* _Your instructions_
Begin at the line that contains "using le_of_monotone_upto[of w" and repeat every line from there to the end of the records below, inclusive, without adding any other line.
- Opening Delimiter -
definition PRD_a :: "real \<Rightarrow> nat \<Rightarrow> nat \<Rightarrow> int \<Rightarrow> int \<Rightarrow> (int \<Rightarrow> real) \<Rightarrow> real" where
  "PRD_a \<alpha> B Ba l I w =
     (1 / alpha_B \<alpha> B) * (\<Sum>i=1..I-l. (w i - beta \<alpha> Ba w (i - 1)))
     + (\<Sum>i=I-l+1..I. w i)
     + real_of_int (int Ba - l) * beta \<alpha> Ba w I"

definition phi_coef :: "real \<Rightarrow> nat \<Rightarrow> nat \<Rightarrow> int \<Rightarrow> int \<Rightarrow> int \<Rightarrow> real" where
  "phi_coef \<alpha> B Ba l I i =
     real_of_int (int Ba - l) * c_const \<alpha> Ba * E_const Ba powr (\<alpha> * real_of_int (I - i) / real Ba)
     + (1 / alpha_B \<alpha> B) *
       ((E_const Ba powr \<alpha> - E_const Ba powr (\<alpha> * real_of_int (I - l - i) / real Ba))
        / (E_const Ba powr \<alpha> - 1))"

definition psi_coef :: "real \<Rightarrow> nat \<Rightarrow> int \<Rightarrow> int \<Rightarrow> int \<Rightarrow> real" where
  "psi_coef \<alpha> Ba l I i =
     1 + real_of_int (int Ba - l) * c_const \<alpha> Ba * E_const Ba powr (\<alpha> * real_of_int (I - i) / real Ba)"

definition Omega_const :: "real \<Rightarrow> nat \<Rightarrow> nat \<Rightarrow> int \<Rightarrow> real" where
  "Omega_const \<alpha> B Ba l =
     (1 / alpha_B \<alpha> B) * (1 / (E_const Ba powr \<alpha> - 1)) *
     (real_of_int l * E_const Ba powr \<alpha>
      - (E_const Ba powr \<alpha> - E_const Ba powr (\<alpha> * real_of_int (int Ba - l) / real Ba))
        / (E_const Ba powr (\<alpha> / real Ba) - 1))"

end

theory Submission
  imports Defs
begin

(*
  Put q = E^(alpha/B_a), so that E^alpha = q^B_a and c = (q - 1) / (q^B_a - 1): every power
  of E in the statement becomes a power of q.  The first sum of PRD_a then telescopes,

    (q^B_a - 1) * Sum_{i=1..N} (w_i - beta^(i-1)) = Sum_{m<B_a} w_(N-m) * (q^B_a - q^m),   N = I - l.

  After this substitution the two sides agree term by term, except that the l terms of the
  telescoped sum whose index N - m is at most I - B_a carry the weight w_(I-B_a) on the right.
  As w is nondecreasing and q^B_a - q^m >= 0, this can only increase the sum, and the
  geometric sum of the coefficients of these terms is Omega * alpha_B * (E^alpha - 1).
*)

lemma sum_lessThan_add:
  "(\<Sum>m<a + b. f m) = (\<Sum>m<a. f m) + (\<Sum>m<b. f (a + m))"
  for f :: "nat \<Rightarrow> 'a::comm_monoid_add"
  by (induction b) (simp_all add: ac_simps)

lemma sum_int_interval_reflect:
  "(\<Sum>i=a-int k+1..a. f i) = (\<Sum>m<k. f (a - int m))"
  for f :: "int \<Rightarrow> 'a::comm_monoid_add"
proof (induction k)
  case (Suc k)
  have "{a - int (Suc k) + 1..a} = insert (a - int k) {a - int k + 1..a}"
    by auto
  then show ?case
    using Suc by (simp add: add.commute)
qed simp

definition geom_window :: "'a::comm_ring_1 \<Rightarrow> nat \<Rightarrow> (int \<Rightarrow> 'a) \<Rightarrow> int \<Rightarrow> 'a" where
  "geom_window q n w j = (\<Sum>m<n. w (j - int m) * q ^ m)"

lemma sum_geom_window_telescoping:
  fixes q :: "'a::comm_ring_1" and w :: "int \<Rightarrow> 'a"
  assumes "\<And>k. k \<le> 0 \<Longrightarrow> w k = 0"
  shows "(\<Sum>i=1..int n. (q^b - 1) * w i - (q - 1) * geom_window q b w (i - 1))
       = (\<Sum>m<b. w (int n - int m) * (q^b - q^m))"
proof (induction n)
  case 0
  show ?case
    using assms by simp
next
  case (Suc n)
  have "(\<Sum>m<b. w (int (Suc n) - int m) * (q^b - q^m))
      = (\<Sum>m<Suc b. w (int n + 1 - int m) * (q^b - q^m))"
    by (simp add: add.commute)
  also have "\<dots> = (q^b - 1) * w (int n + 1) + (\<Sum>m<b. w (int n - int m) * (q^b - q^Suc m))"
    by (subst sum.lessThan_Suc_shift) (simp add: algebra_simps)
  also have "\<dots> = (q^b - 1) * w (int n + 1) - (q - 1) * geom_window q b w (int n)
                  + (\<Sum>m<b. w (int n - int m) * (q^b - q^m))"
    by (simp add: geom_window_def sum_distrib_left algebra_simps flip: sum_subtractf sum.distrib)
  finally show ?case
    using Suc.IH by (simp add: atLeastAtMostPlus1_int_conv algebra_simps)
qed

lemma le_of_monotone_upto:
  fixes w :: "int \<Rightarrow> 'a::{order, zero}"
  assumes "\<And>k. k \<le> 0 \<Longrightarrow> w k = 0" and "1 \<le> I \<Longrightarrow> 0 \<le> w 1"
    and "\<And>k. 1 \<le> k \<Longrightarrow> k < I \<Longrightarrow> w k \<le> w (k + 1)"
    and "a \<le> b" and "b \<le> I"
  shows "w a \<le> w b"
  using \<open>a \<le> b\<close> \<open>b \<le> I\<close>
proof (induction b rule: int_ge_induct)
  case (step b)
  then have "w a \<le> w b"
    by simp
  also have "w b \<le> w (b + 1)"
  proof (cases "1 \<le> b")
    case True
    then show ?thesis
      using assms(3) step.prems by simp
  next
    case False
    then show ?thesis
      using assms(1,2) step.prems by (cases "b = 0") auto
  qed
  finally show ?case .
qed simp

lemma antimono_weights_from_end:
  fixes w :: "int \<Rightarrow> 'a::{order, zero}"
  assumes "\<And>k. k \<le> 0 \<Longrightarrow> w k = 0" and "1 \<le> I \<Longrightarrow> 0 \<le> w 1"
    and "\<And>k. 1 \<le> k \<Longrightarrow> k < I \<Longrightarrow> w k \<le> w (k + 1)"
  shows "antimono (\<lambda>m. w (I - int m))"
proof (rule antimonoI)
  fix m n :: nat
  assume "m \<le> n"
  then have "I - int n \<le> I - int m" and "I - int m \<le> I"
    by simp_all
  then show "w (I - int n) \<le> w (I - int m)"
    using le_of_monotone_upto[of w I] assms by blast
qed

lemma sum_antimono_tail_le:
  fixes v :: "nat \<Rightarrow> real" and q :: real
  assumes "antimono v" and "1 \<le> q" and "L \<le> n"
  shows "(\<Sum>m<n. v (L + m) * (q^n - q^m))
     \<le> (\<Sum>m<n - L. v (L + m) * (q^n - q^m)) + v n * (\<Sum>j<L. q^n - q^(n - L + j))"
proof -
  define k where "k = n - L"
  have n: "n = k + L"
    using assms(3) unfolding k_def by simp
  have "v (L + (k + j)) * (q^n - q^(k + j)) \<le> v n * (q^n - q^(k + j))" if "j < L" for j
  proof (rule mult_right_mono)
    show "v (L + (k + j)) \<le> v n"
      using antimonoD[OF assms(1), of n "L + (k + j)"] by (simp add: n)
    show "0 \<le> q^n - q^(k + j)"
      using power_increasing[OF _ assms(2), of "k + j" n] that by (simp add: n)
  qed
  then have "(\<Sum>j<L. v (L + (k + j)) * (q^n - q^(k + j))) \<le> (\<Sum>j<L. v n * (q^n - q^(k + j)))"
    by (intro sum_mono) simp
  then show ?thesis
    by (simp add: n sum_lessThan_add sum_distrib_left)
qed

lemma sum_geometric_gap:
  fixes q :: real
  assumes "q \<noteq> 1" and "L \<le> n"
  shows "(\<Sum>j<L. q^n - q^(n - L + j)) = real L * q^n - (q^n - q^(n - L)) / (q - 1)"
proof -
  have "(\<Sum>j<L. q^(n - L + j)) = q^(n - L) * (\<Sum>j<L. q^j)"
    by (simp add: power_add sum_distrib_left)
  then have "(q - 1) * (\<Sum>j<L. q^(n - L + j)) = q^(n - L) * (q^L - 1)"
    by (simp add: power_diff_1_eq)
  also have "\<dots> = q^n - q^(n - L)"
    using assms(2) by (simp add: algebra_simps flip: power_add)
  finally show ?thesis
    using assms(1) by (simp add: sum_subtractf field_simps)
qed

definition geom_ratio :: "real \<Rightarrow> nat \<Rightarrow> real" where
  "geom_ratio \<alpha> Ba = E_const Ba powr (\<alpha> / real Ba)"

lemma E_const_gt_one: "1 \<le> Ba \<Longrightarrow> 1 < E_const Ba"
  unfolding E_const_def by (intro one_less_power) auto

lemma geom_ratio_gt_one: "1 \<le> Ba \<Longrightarrow> 0 < \<alpha> \<Longrightarrow> 1 < geom_ratio \<alpha> Ba"
  unfolding geom_ratio_def using E_const_gt_one by (intro gr_one_powr) auto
- Closing Delimiter -
* _Output of the exercise_
    using le_of_monotone_upto[of w I] assms by blast
qed

lemma sum_antimono_tail_le:
  fixes v :: "nat \<Rightarrow> real" and q :: real
  assumes "antimono v" and "1 \<le> q" and "L \<le> n"
  shows "(\<Sum>m<n. v (L + m) * (q^n - q^m))
     \<le> (\<Sum>m<n - L. v (L + m) * (q^n - q^m)) + v n * (\<Sum>j<L. q^n - q^(n - L + j))"
proof -
  define k where "k = n - L"
  have n: "n = k + L"
    using assms(3) unfolding k_def by simp
  have "v (L + (k + j)) * (q^n - q^(k + j)) \<le> v n * (q^n - q^(k + j))" if "j < L" for j
  proof (rule mult_right_mono)
    show "v (L + (k + j)) \<le> v n"
      using antimonoD[OF assms(1), of n "L + (k + j)"] by (simp add: n)
    show "0 \<le> q^n - q^(k + j)"
      using power_increasing[OF _ assms(2), of "k + j" n] that by (simp add: n)
  qed
  then have "(\<Sum>j<L. v (L + (k + j)) * (q^n - q^(k + j))) \<le> (\<Sum>j<L. v n * (q^n - q^(k + j)))"
    by (intro sum_mono) simp
  then show ?thesis
    by (simp add: n sum_lessThan_add sum_distrib_left)
qed

lemma sum_geometric_gap:
  fixes q :: real
  assumes "q \<noteq> 1" and "L \<le> n"
  shows "(\<Sum>j<L. q^n - q^(n - L + j)) = real L * q^n - (q^n - q^(n - L)) / (q - 1)"
proof -
  have "(\<Sum>j<L. q^(n - L + j)) = q^(n - L) * (\<Sum>j<L. q^j)"
    by (simp add: power_add sum_distrib_left)
  then have "(q - 1) * (\<Sum>j<L. q^(n - L + j)) = q^(n - L) * (q^L - 1)"
    by (simp add: power_diff_1_eq)
  also have "\<dots> = q^n - q^(n - L)"
    using assms(2) by (simp add: algebra_simps flip: power_add)
  finally show ?thesis
    using assms(1) by (simp add: sum_subtractf field_simps)
qed

definition geom_ratio :: "real \<Rightarrow> nat \<Rightarrow> real" where
  "geom_ratio \<alpha> Ba = E_const Ba powr (\<alpha> / real Ba)"

lemma E_const_gt_one: "1 \<le> Ba \<Longrightarrow> 1 < E_const Ba"
  unfolding E_const_def by (intro one_less_power) auto

lemma geom_ratio_gt_one: "1 \<le> Ba \<Longrightarrow> 0 < \<alpha> \<Longrightarrow> 1 < geom_ratio \<alpha> Ba"
  unfolding geom_ratio_def using E_const_gt_one by (intro gr_one_powr) auto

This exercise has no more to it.